Stored items:
(* Let $\mathbb K$ be an algebraically closed field, let $n\ge 1$ and $\mu\ge 0$ be integers with $\mu<\lfloor n/2\rfloor$, and let $(a,b,c)\in\mathcal P^\mu_n$. Let $\epsilon$ be a new variable. Then there exists $(a_\epsilon,b_\epsilon,c_\epsilon)\in\mathbb K[\epsilon,t]^3$ such that, regarded as univariate polynomials in $t$ over $\mathbb K(\epsilon)$, the following hold: (i) $\gcd(a_\epsilon,b_\epsilon,c_\epsilon)=1$; (ii) $\max\{\deg_t a_\epsilon,\deg_t b_\epsilon,\deg_t c_\epsilon\}=n$; (iii) $\mu(a_\epsilon,b_\epsilon,c_\epsilon)=\mu(a,b,c)+1$ (the class being computed over the field $\mathbb K(\epsilon)$); (iv) $(a_\epsilon,b_\epsilon,c_\epsilon)|_{\epsilon=0}=(a,b,c)$.
   Context: For a field $F$ and $a,b,c\in F[t]$, the syzygy module is $\mathrm{Syz}(a,b,c)=\{(A,B,C)\in F[t]^3: Aa+Bb+Cc=0\}$. The degree of a vector $(A,B,C)$ is $\deg(A,B,C)=\max\{\deg A,\deg B,\deg C\}$. The class of $(a,b,c)$ is $\mu(a,b,c)=\min\{\deg(A,B,C): (A,B,C)\in \mathrm{Syz}(a,b,c)\setminus\{0\}\}$. $\mathbb K[t]_n$ denotes polynomials of degree $\le n$; $\mathcal P_n\subset \mathbb K[t]_n^3$ is the set of triples $(a,b,c)$ with $c\neq 0$, $\gcd(a,b,c)=1$ and $\max\{\deg a,\deg b,\deg c\}=n$; and $\mathcal P^\mu_n=\{(a,b,c)\in\mathcal P_n:\mu(a,b,c)=\mu\}$. *)

theory Defs
  imports "HOL-Computational_Algebra.Polynomial" "HOL-Computational_Algebra.Fraction_Field"
begin

definition gcd3_one :: "'a::comm_semiring_1 \<Rightarrow> 'a \<Rightarrow> 'a \<Rightarrow> bool" where
  "gcd3_one a b c \<longleftrightarrow> (\<forall>d. d dvd a \<and> d dvd b \<and> d dvd c \<longrightarrow> d dvd 1)"

definition deg3 :: "'a::zero poly \<Rightarrow> 'a poly \<Rightarrow> 'a poly \<Rightarrow> nat" where
  "deg3 A B C = max (degree A) (max (degree B) (degree C))"

definition syz :: "'a::field poly \<Rightarrow> 'a poly \<Rightarrow> 'a poly \<Rightarrow> ('a poly \<times> 'a poly \<times> 'a poly) set" where
  "syz a b c = {(A, B, C). A * a + B * b + C * c = 0}"

definition syz_class :: "'a::field poly \<Rightarrow> 'a poly \<Rightarrow> 'a poly \<Rightarrow> nat" where
  "syz_class a b c = (LEAST d. \<exists>A B C. (A, B, C) \<in> syz a b c \<and> (A, B, C) \<noteq> (0, 0, 0) \<and> deg3 A B C = d)"

definition Pn :: "nat \<Rightarrow> ('a::field poly \<times> 'a poly \<times> 'a poly) set" where
  "Pn n = {(a, b, c). c \<noteq> 0 \<and> gcd3_one a b c \<and> deg3 a b c = n}"

definition Pmu :: "nat \<Rightarrow> nat \<Rightarrow> ('a::field poly \<times> 'a poly \<times> 'a poly) set" where
  "Pmu mu n = {(a, b, c) \<in> Pn n. syz_class a b c = mu}"

(* elements of K[eps,t] are represented as 'a poly poly: polynomials in t whose
   coefficients are polynomials in eps *)
definition to_Keps :: "'a::field poly poly \<Rightarrow> 'a poly fract poly" where
  "to_Keps P = map_poly (\<lambda>q. Fract q 1) P"

definition eval_eps0 :: "'a::field poly poly \<Rightarrow> 'a poly" where
  "eval_eps0 P = map_poly (\<lambda>q. poly q 0) P"

end

(*
  A syzygy L = (p, q, r) of V = (a, b, c) of minimal degree mu is coprime, so V = L x W for some
  W, and subtracting polynomial multiples of L from W one may assume deg W <= n - mu.  Let k be the
  coefficient vector of W in degree n - mu, and put L' = L + eps t^(mu+1) k and V' = L' x W.  Then
  V' specializes to V at eps = 0, and deg V' = n because the top coefficient k x k of the eps-part
  vanishes.  V' and L' stay coprime over K(eps): a common divisor, rescaled so that it specializes
  to a nonzero polynomial, specializes to a common divisor of coprime polynomials and cannot lose
  degree doing so.  Finally a coprime syzygy L' of a coprime V' with 2 deg L' <= deg V' is minimal:
  for any syzygy S the cross product S x L' is a multiple of V' of degree < deg V', hence zero,
  so S is a multiple of L'.  Thus the class of V' is mu + 1.

  The argument works over any field and does not use the hypothesis n >= 1.
*)

theory Submission
  imports Defs "HOL-Computational_Algebra.Polynomial_Factorial"
begin
(* Not every (nondeterministic) abstract transducer can be transformed into an equivalent deterministic one: there exists an abstract transducer $T$ such that no deterministic abstract transducer $T_d$ (with the same abstract input and output domains) satisfies $T\equiv T_d$.
   Context: Abstract word domain over an alphabet $A$: a set $W$ of abstract words forming a complete lattice $(W,\sqsubseteq,\sqcap,\sqcup,\top,\bot)$, a denotation $[\![\cdot]\!]:W\to 2^{A^\infty}$ with $A^\infty=A^*\cup A^\omega$, and an abstraction $\alpha:2^{A^\infty}\to W$ with $[\![\alpha(S)]\!]=S$. It contains an abstract epsilon word $w_\epsilon$ with $[\![w_\epsilon]\!]=\{\epsilon\}$, and $[\![\bot]\!]=\emptyset$. Operations: concatenation $[\![u\cdot v]\!]=\{x\cdot y\mid x\in[\![u]\!],y\in[\![v]\!]\}$ (an infinite word $x$ concatenated with anything is $x$); left quotient $u^{v}=\alpha(\{s\mid p\cdot s\in[\![u]\!],\,p\in[\![v]\!]\})$; $\mathrm{head}(u)=\alpha(\{h\mid |h|=1,\ h\cdot x\in[\![u]\!]\})$; $\mathrm{tail}(u)=\alpha(\{x\mid h\cdot x\in[\![u]\!],\ |h|=1\})$. An abstract transducer is $T=(Q,D_I,D_O,\iota_0,F,\delta)$ where: $Q$ is a finite set of control states, implicitly containing a trap state $q_{trap}$ with transition $(q_{trap},\top,q_{trap},w_\epsilon)$ and a bottom state $q_\bot\notin F$ with no leaving transitions; $D_I$ is an abstract word domain (abstract words $W_I$) over a concrete input alphabet $\Sigma$ with denotations in $2^{\Sigma^*}$ and whose lattice is distributive and complemented; $D_O$ is an abstract word domain (abstract words $W_O$) over an output alphabet $\Theta$; $\iota_0$ is a non-empty finite partial map $Q\to W_O$ (the initial transducer state); $F\subseteq Q$ are accepting states; $\delta\subseteq Q\times W_I\times Q\times W_O$ is the transition relation, where no transition has input word $\bot$. A transducer state is a finite partial map $Q\to W_O$ (a set of pairs with distinct first components). For a set $M\subseteq Q\times W_O$ its image join is $\bigsqcup_\to M=\{(q,\bigsqcup\{\theta\mid(q,\theta)\in M\})\mid (q,\cdot)\in M\}$. An $\epsilon$-move is a transition whose input word $w$ has $[\![w]\!]=\{\epsilon\}$. The $\epsilon$-closure $E(q)$ is the set of states reachable from $q$ (including $q$) using only $\epsilon$-moves, plus $q_\bot$ if $E(q)$ contains an $\epsilon$-loop from which no state without leaving $\epsilon$-moves is reachable. Closure termination states: $CT(q)=\{q'\in E(q)\mid$ no $\epsilon$-move leaves $q'\}\cup(E(q)\cap F)$. Concrete language on termination $\Lambda(q,q_t)$: for $q_t\neq q_\bot$ the union, over all finite paths of $\epsilon$-moves from $q$ to $q_t$, of the concatenation of the denotations of the output words along the path ($\{\epsilon\}$ for the empty path); for $q_t=q_\bot$ the union over all infinite $\epsilon$-move paths from $q$ of the concatenations of their output denotations. Output closure: $\mathrm{Cl}(q,\theta_0)=\{(q_t,\alpha([\![\theta_0]\!]\cdot\Lambda(q,q_t)))\mid q_t\in CT(q)\}$. Run: $\mathrm{run}(q,\theta,w,w_\ell)=\{(q,\theta)\}$ if $w=w_\epsilon$, and otherwise $\bigsqcup_\to\bigcup\{\mathrm{run}(q'',\theta\cdot\theta'',\mathrm{tail}(w),w_\ell)\mid (q,w_\tau,q',\theta')\in\delta,\ (q'',\theta'')\in\mathrm{Cl}(q',\theta'),\ (w\cdot w_\ell)^{w_\tau}\neq\bot,\ \mathrm{head}(w)^{\mathrm{head}(w_\tau)}\neq\bot\}$. For a transducer state $\iota$, $\widehat{\mathrm{run}}(\iota,w,w_\ell)=\bigsqcup_\to\bigcup_{(q,\theta)\in\iota}\mathrm{run}(q,\theta,w,w_\ell)$, and for $\bar\sigma\in\Sigma^*$, $\hat\sigma\subseteq\Sigma^*$: $\widehat{\mathrm{run}}_T(\bar\sigma,\hat\sigma)=\widehat{\mathrm{run}}(\iota_0,\alpha_I(\{\bar\sigma\}),\alpha_I(\hat\sigma))$. $T$ is deterministic iff $|\iota_0|\le 1$ and every transducer state reached along any run has at most one element, i.e. $|\widehat{\mathrm{run}}_T(\bar\sigma,\hat\sigma)|\le 1$ for all $\bar\sigma\in\Sigma^*$, $\hat\sigma\subseteq\Sigma^*$. Intermediate input language $L_{in}(T)$: pairs $(\bar\sigma,\hat\sigma)$ such that $\widehat{\mathrm{run}}_T(\bar\sigma,\hat\sigma)$ contains a pair $(q,\theta)$ with $[\![\theta]\!]\neq\emptyset$. Transductions $\mathrm{Tr}(T)=\{(\bar\sigma,\hat\sigma,[\![\theta]\!])\mid(\bar\sigma,\hat\sigma)\in L_{in}(T),\ (q,\theta)\in\widehat{\mathrm{run}}_T(\bar\sigma,\hat\sigma)\}$; accepting transductions $\mathrm{Tr}_{acc}(T)$: same with additionally $q\in F$. Two transducers are equivalent ($T_1\equiv T_2$) iff $\mathrm{Tr}(T_1)=\mathrm{Tr}(T_2)$ and $\mathrm{Tr}_{acc}(T_1)=\mathrm{Tr}_{acc}(T_2)$. *)

theory Defs
  imports Main
begin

TASK PROMPT: Of the lines above, copy each one that contains the word "definition".

EXERCISE SOLUTION:
definition gcd3_one :: "'a::comm_semiring_1 \<Rightarrow> 'a \<Rightarrow> 'a \<Rightarrow> bool" where
definition deg3 :: "'a::zero poly \<Rightarrow> 'a poly \<Rightarrow> 'a poly \<Rightarrow> nat" where
definition syz :: "'a::field poly \<Rightarrow> 'a poly \<Rightarrow> 'a poly \<Rightarrow> ('a poly \<times> 'a poly \<times> 'a poly) set" where
definition syz_class :: "'a::field poly \<Rightarrow> 'a poly \<Rightarrow> 'a poly \<Rightarrow> nat" where
definition Pn :: "nat \<Rightarrow> ('a::field poly \<times> 'a poly \<times> 'a poly) set" where
definition Pmu :: "nat \<Rightarrow> nat \<Rightarrow> ('a::field poly \<times> 'a poly \<times> 'a poly) set" where
definition to_Keps :: "'a::field poly poly \<Rightarrow> 'a poly fract poly" where
definition eval_eps0 :: "'a::field poly poly \<Rightarrow> 'a poly" where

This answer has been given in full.